START Input data

lemma ext_minimal_in:
  assumes M: "point_line_config d M" and n: "1 \<le> n"
    and xs: "\<And>i. i \<in> {1..n} \<Longrightarrow> xs i \<subseteq> {1..d} \<and> card (xs i) = 3"
    and xn: "xs n \<notin> circuits_size d M 3"
    and chain: "\<And>i. i \<in> {1..<n} \<Longrightarrow> xs (Suc i) \<in> circuits_size d (ext d M (xs i)) 3"
    and closure: "\<And>y. y \<in> circuits_size d (ext d M (xs n)) 3 \<Longrightarrow> y \<in> circuits_size d M 3 \<union> xs ` {1..n}"
  shows "minimal_in d (ext d M (xs n))
    {N. matroid d N \<and> dep_lt d M N \<and> circuits_size d N 1 = {} \<and> circuits_size d N 2 = {}}"
    (is "minimal_in d ?E ?B")
proof -
  from n xs have x: "xs n \<subseteq> {1..d}" "card (xs n) = 3" by auto
  then have E: "?E \<in> ext_candidates d M (xs n)" by (rule ext_least_candidate(1))
  then have E_plc: "point_line_config d ?E" and "xs n \<notin> ?E"
    unfolding ext_candidates_def dependents_def by blast+
  moreover have "xs n \<in> M" using point_line_config_circuit3_iff[OF M x] xn by blast
  ultimately have "?E \<in> ?B"
    using dep_le_ext[OF M x] unfolding point_line_config_def dep_lt_def by blast
  moreover have "\<not> dep_lt d N ?E" if N: "N \<in> ?B" for N
  proof
    assume lt: "dep_lt d N ?E"
    from N have N_le: "dep_le d M N" and "dep_lt d M N" unfolding dep_lt_def by blast+
    from N have N_plc: "point_line_config d N"
      by (intro point_line_config_if_dep_le[OF M N_le]) blast+
    obtain y where y: "y \<subseteq> {1..d}" "card y = 3" "y \<in> M" "y \<notin> N"
      using dep_lt_new_dependent_triple[OF M N_plc \<open>dep_lt d M N\<close>] by blast
    from y(1,4) lt have "y \<notin> ?E" unfolding dep_lt_def dep_le_def dependents_def by blast
    then have "y \<in> circuits_size d ?E 3" using point_line_config_circuit3_iff[OF E_plc y(1,2)] by blast
    moreover have "y \<notin> circuits_size d M 3" using point_line_config_circuit3_iff[OF M y(1,2)] y(3) by blast
    ultimately obtain i where "i \<in> {1..n}" "xs i \<notin> N" using closure y(4) by blast
    then have "xs n \<notin> N" using ext_chain_dependent[where xs = xs and n = n, OF M N_plc N_le xs chain] by blast
    then have "dep_le d ?E N"
      using dep_le_ext_iff[OF x N_plc N_le] point_line_config_circuit3_iff[OF N_plc x] by blast
    with lt E_plc N_plc show False using dep_le_antisym unfolding dep_lt_def point_line_config_def by blast
  qed
  ultimately show ?thesis unfolding minimal_in_def by blast
qed
lemma average_lipschitz:
  assumes "\<And>a b v. \<bar>\<phi> a v - \<phi> b v\<bar> \<le> C * w v * \<bar>a - b\<bar>"
  shows "\<bar>(\<Sum>i<m. \<phi> a (ns i)) / real m - (\<Sum>i<m. \<phi> b (ns i)) / real m\<bar>
           \<le> C * ((\<Sum>i<m. w (ns i)) / real m) * \<bar>a - b\<bar>"
proof -
  have "\<bar>(\<Sum>i<m. \<phi> a (ns i)) / real m - (\<Sum>i<m. \<phi> b (ns i)) / real m\<bar>
      = \<bar>\<Sum>i<m. \<phi> a (ns i) - \<phi> b (ns i)\<bar> / real m"
    by (simp add: diff_divide_distrib[symmetric] sum_subtractf)
  also have "\<dots> \<le> (\<Sum>i<m. C * w (ns i) * \<bar>a - b\<bar>) / real m"
    by (intro divide_right_mono order_trans[OF sum_abs] sum_mono assms) simp
  also have "\<dots> = C * ((\<Sum>i<m. w (ns i)) / real m) * \<bar>a - b\<bar>"
    by (simp add: sum_distrib_left sum_distrib_right sum_divide_distrib mult_ac)
  finally show ?thesis .
qed

lemma integral_lipschitz:
  fixes \<phi> :: "real \<Rightarrow> 'a \<Rightarrow> real"
  assumes lipschitz: "\<And>a b x. \<bar>\<phi> a x - \<phi> b x\<bar> \<le> C * w x * \<bar>a - b\<bar>"
    and integrable: "\<And>a. integrable M (\<phi> a)" "integrable M w"
  shows "\<bar>integral\<^sup>L M (\<phi> a) - integral\<^sup>L M (\<phi> b)\<bar> \<le> C * integral\<^sup>L M w * \<bar>a - b\<bar>"
proof -
  have "\<bar>integral\<^sup>L M (\<phi> a) - integral\<^sup>L M (\<phi> b)\<bar> = \<bar>\<integral>x. \<phi> a x - \<phi> b x \<partial>M\<bar>"
    using integrable by simp
  also have "\<dots> \<le> (\<integral>x. \<bar>\<phi> a x - \<phi> b x\<bar> \<partial>M)"
    by (rule integral_abs_bound)
  also have "\<dots> \<le> (\<integral>x. C * \<bar>a - b\<bar> * w x \<partial>M)"
    using integrable lipschitz by (intro integral_mono) (auto simp: mult_ac)
  also have "\<dots> = C * integral\<^sup>L M w * \<bar>a - b\<bar>"
    by (simp add: mult_ac)
  finally show ?thesis .
qed

lemma tendsto_integral_dominated_at:
  fixes s :: "real \<Rightarrow> 'a \<Rightarrow> real"
  assumes [measurable]: "\<And>t. s t \<in> borel_measurable M" "f \<in> borel_measurable M"
    and "integrable M w"
    and lim: "\<And>x. x \<in> space M \<Longrightarrow> ((\<lambda>t. s t x) \<longlongrightarrow> f x) (at a)"
    and bound: "\<And>t x. t \<noteq> a \<Longrightarrow> x \<in> space M \<Longrightarrow> \<bar>s t x\<bar> \<le> w x"
  shows "((\<lambda>t. integral\<^sup>L M (s t)) \<longlongrightarrow> integral\<^sup>L M f) (at a)"
  unfolding tendsto_at_iff_sequentially comp_def
proof (intro allI impI)
  fix X :: "nat \<Rightarrow> real"
  assume X: "\<forall>i. X i \<in> UNIV - {a}" "X \<longlonglongrightarrow> a"
  then have "filterlim X (at a) sequentially"
    by (intro filterlim_atI) auto
  then show "(\<lambda>i. integral\<^sup>L M (s (X i))) \<longlonglongrightarrow> integral\<^sup>L M f"
    using X(1) by (intro integral_dominated_convergence[OF _ _ \<open>integrable M w\<close>])
      (auto intro: filterlim_compose[OF lim] bound)
qed

lemma (in prob_space) expectation_pos:
  fixes f :: "'a \<Rightarrow> real"
  assumes "integrable M f" and "\<And>x. x \<in> space M \<Longrightarrow> 0 < f x"
  shows "0 < expectation f"
proof -
  have pos: "AE x in M. 0 < f x"
    using assms(2) by simp
  then have nonneg: "AE x in M. 0 \<le> f x"
    by eventually_elim simp
  have "expectation f \<noteq> 0"
  proof
    assume "expectation f = 0"
    then have "AE x in M. f x = 0"
      using integral_nonneg_eq_0_iff_AE[OF assms(1) nonneg] by simp
    with pos have "AE x in M. False"
      by eventually_elim simp
    then show False
      by simp
  qed
  then show ?thesis
    using integral_nonneg_AE[OF nonneg] by simp
qed

section \<open>Samples of standard Gaussian vectors\<close>

lemma (in prob_space) AE_indep_mult_add_neq_0:
  fixes X Y :: "'a \<Rightarrow> real"
  assumes indep: "indep_var borel X borel Y"
    and no_atom: "\<And>c. emeasure (distr M borel X) {c} = 0"
    and "a \<noteq> 0"
  shows "AE \<omega> in M. a * X \<omega> + Y \<omega> \<noteq> 0"
proof -
  have [measurable]: "X \<in> borel_measurable M" "Y \<in> borel_measurable M"
    using indep by (auto dest: indep_var_rv1 indep_var_rv2)
  interpret DX: prob_space "distr M borel X" by (rule prob_space_distr) simp
  interpret DY: prob_space "distr M borel Y" by (rule prob_space_distr) simp
  interpret D: pair_sigma_finite "distr M borel X" "distr M borel Y" ..
  define Z where "Z = {p \<in> space (borel \<Otimes>\<^sub>M borel). a * fst p + snd p = (0 :: real)}"
  have [measurable]: "Z \<in> sets (borel \<Otimes>\<^sub>M borel)"
    unfolding Z_def by measurable
  have "emeasure M {\<omega> \<in> space M. a * X \<omega> + Y \<omega> = 0} = emeasure M ((\<lambda>\<omega>. (X \<omega>, Y \<omega>)) -` Z \<inter> space M)"
    by (rule arg_cong[where f="emeasure M"]) (auto simp: Z_def space_pair_measure)
  also have "\<dots> = emeasure (distr M (borel \<Otimes>\<^sub>M borel) (\<lambda>\<omega>. (X \<omega>, Y \<omega>))) Z"
    by (rule emeasure_distr[symmetric]) measurable
  also have "\<dots> = emeasure (distr M borel X \<Otimes>\<^sub>M distr M borel Y) Z"
    using indep by (simp add: indep_var_distribution_eq)
  also have "\<dots> = (\<integral>\<^sup>+y. emeasure (distr M borel X) ((\<lambda>x. (x, y)) -` Z) \<partial>distr M borel Y)"
    by (rule D.emeasure_pair_measure_alt2)
       (simp add: sets_pair_measure_cong[of "distr M borel X" borel "distr M borel Y" borel])
  also have "\<dots> = (\<integral>\<^sup>+y. 0 \<partial>distr M borel Y)"
  proof (rule nn_integral_cong)
    fix y
    have "(\<lambda>x. (x, y)) -` Z = {- y / a}"
      using \<open>a \<noteq> 0\<close> by (auto simp: Z_def space_pair_measure field_simps)
    then show "emeasure (distr M borel X) ((\<lambda>x. (x, y)) -` Z) = 0"
      by (simp add: no_atom)
  qed
  finally have "emeasure M {\<omega> \<in> space M. a * X \<omega> + Y \<omega> = 0} = 0"
    by simp
  moreover have "{\<omega> \<in> space M. a * X \<omega> + Y \<omega> = 0} \<in> sets M"
    by measurable
  ultimately show ?thesis
    by (subst AE_iff_measurable[where N="{\<omega> \<in> space M. a * X \<omega> + Y \<omega> = 0}"]) auto
qed

definition std_normal_measure :: "real measure" where
  "std_normal_measure = density lborel (\<lambda>t. ennreal (std_normal_density t))"

lemma prob_space_std_normal_measure: "prob_space std_normal_measure"
  unfolding std_normal_measure_def by (rule prob_space_normal_density) simp

lemma sets_std_normal_measure [simp, measurable_cong]: "sets std_normal_measure = sets borel"
  unfolding std_normal_measure_def by simp

lemma emeasure_std_normal_measure_singleton: "emeasure std_normal_measure {c} = 0"
proof -
  have "AE x in lborel. x \<in> {c} \<longrightarrow> ennreal (std_normal_density x) = 0"
    using AE_lborel_singleton[of c] by eventually_elim simp
  then have "{c} \<in> null_sets std_normal_measure"
    unfolding std_normal_measure_def by (subst null_sets_density_iff) auto
  then show ?thesis
    by (rule null_setsD1)
qed

lemma borel_measurable_vecI:
  fixes f :: "'a \<Rightarrow> real ^ 'n"
  assumes "\<And>k. (\<lambda>x. f x $ k) \<in> borel_measurable M"
  shows "f \<in> borel_measurable M"
  using assms by (subst borel_measurable_euclidean_space) (auto simp: Basis_vec_def inner_axis)

lemma borel_measurable_vec_lambda:
  "(vec_lambda :: ('n \<Rightarrow> real) \<Rightarrow> real ^ 'n) \<in> borel_measurable (PiM UNIV (\<lambda>_. borel))"
  by (rule borel_measurable_vecI) simp

lemma norm_sq_eq_sum_components: "(norm (v :: real ^ 'n))\<^sup>2 = (\<Sum>j\<in>UNIV. (v $ j)\<^sup>2)"
  unfolding power2_norm_eq_inner inner_vec_def by (simp add: power2_eq_square)

lemma inner_mult_component_eq:
  fixes v y :: "real ^ 'n"
  shows "(v \<bullet> y) * v $ k = (\<Sum>j\<in>UNIV. y $ j * (v $ j * v $ k))"
  by (simp add: inner_vec_def sum_distrib_left sum_distrib_right mult_ac)

locale std_normal_samples = prob_space M for M :: "'w measure" +
  fixes n :: "nat \<Rightarrow> 'w \<Rightarrow> real ^ 'd :: finite"
  assumes indep_coords: "indep_vars (\<lambda>_. borel) (\<lambda>(i, k) \<omega>. n i \<omega> $ k) UNIV"
    and std_normal_coords:
      "\<And>i k. distributed M lborel (\<lambda>\<omega>. n i \<omega> $ k) (\<lambda>t. ennreal (std_normal_density t))"
begin

lemma measurable_coord [measurable]: "(\<lambda>\<omega>. n i \<omega> $ k) \<in> borel_measurable M"
  using distributed_measurable[OF std_normal_coords[of i k]] by simp

lemma measurable_sample [measurable]: "n i \<in> borel_measurable M"
  by (rule borel_measurable_vecI) simp

lemma distr_coord: "distr M borel (\<lambda>\<omega>. n i \<omega> $ k) = std_normal_measure"
proof -
  have "distr M lborel (\<lambda>\<omega>. n i \<omega> $ k) = std_normal_measure"
    unfolding std_normal_measure_def by (rule distributed_distr_eq_density[OF std_normal_coords])
  moreover have "distr M borel (\<lambda>\<omega>. n i \<omega> $ k) = distr M lborel (\<lambda>\<omega>. n i \<omega> $ k)"
    by (rule distr_cong) auto
  ultimately show ?thesis
    by simp
qed

lemma indep_var_coord_blocks:
  assumes "A \<inter> B = {}"
    and f: "f \<in> borel_measurable (PiM A (\<lambda>_. borel))" and g: "g \<in> borel_measurable (PiM B (\<lambda>_. borel))"
  shows "indep_var borel (\<lambda>\<omega>. f (\<lambda>(i, k)\<in>A. n i \<omega> $ k)) borel (\<lambda>\<omega>. g (\<lambda>(i, k)\<in>B. n i \<omega> $ k))"
proof -
  have "indep_var (PiM A (\<lambda>_. borel)) (\<lambda>\<omega>. restrict (\<lambda>p. (\<lambda>(i, k) \<omega>. n i \<omega> $ k) p \<omega>) A)
                  (PiM B (\<lambda>_. borel)) (\<lambda>\<omega>. restrict (\<lambda>p. (\<lambda>(i, k) \<omega>. n i \<omega> $ k) p \<omega>) B)"
    by (rule indep_var_restrict[OF indep_coords assms(1)]) simp_all
  from indep_var_compose[OF this f g] show ?thesis
    by (simp add: comp_def case_prod_unfold)
qed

END Input data

● Activity
Set down, exactly as they stand above, the lines starting with the line with "ultimately show ?thesis unfolding" and going on through the line with "by (simp add: diff_divide_distrib[symmetric]", and no others.

● Your solution
  ultimately show ?thesis unfolding minimal_in_def by blast
qed
lemma average_lipschitz:
  assumes "\<And>a b v. \<bar>\<phi> a v - \<phi> b v\<bar> \<le> C * w v * \<bar>a - b\<bar>"
  shows "\<bar>(\<Sum>i<m. \<phi> a (ns i)) / real m - (\<Sum>i<m. \<phi> b (ns i)) / real m\<bar>
           \<le> C * ((\<Sum>i<m. w (ns i)) / real m) * \<bar>a - b\<bar>"
proof -
  have "\<bar>(\<Sum>i<m. \<phi> a (ns i)) / real m - (\<Sum>i<m. \<phi> b (ns i)) / real m\<bar>
      = \<bar>\<Sum>i<m. \<phi> a (ns i) - \<phi> b (ns i)\<bar> / real m"
    by (simp add: diff_divide_distrib[symmetric] sum_subtractf)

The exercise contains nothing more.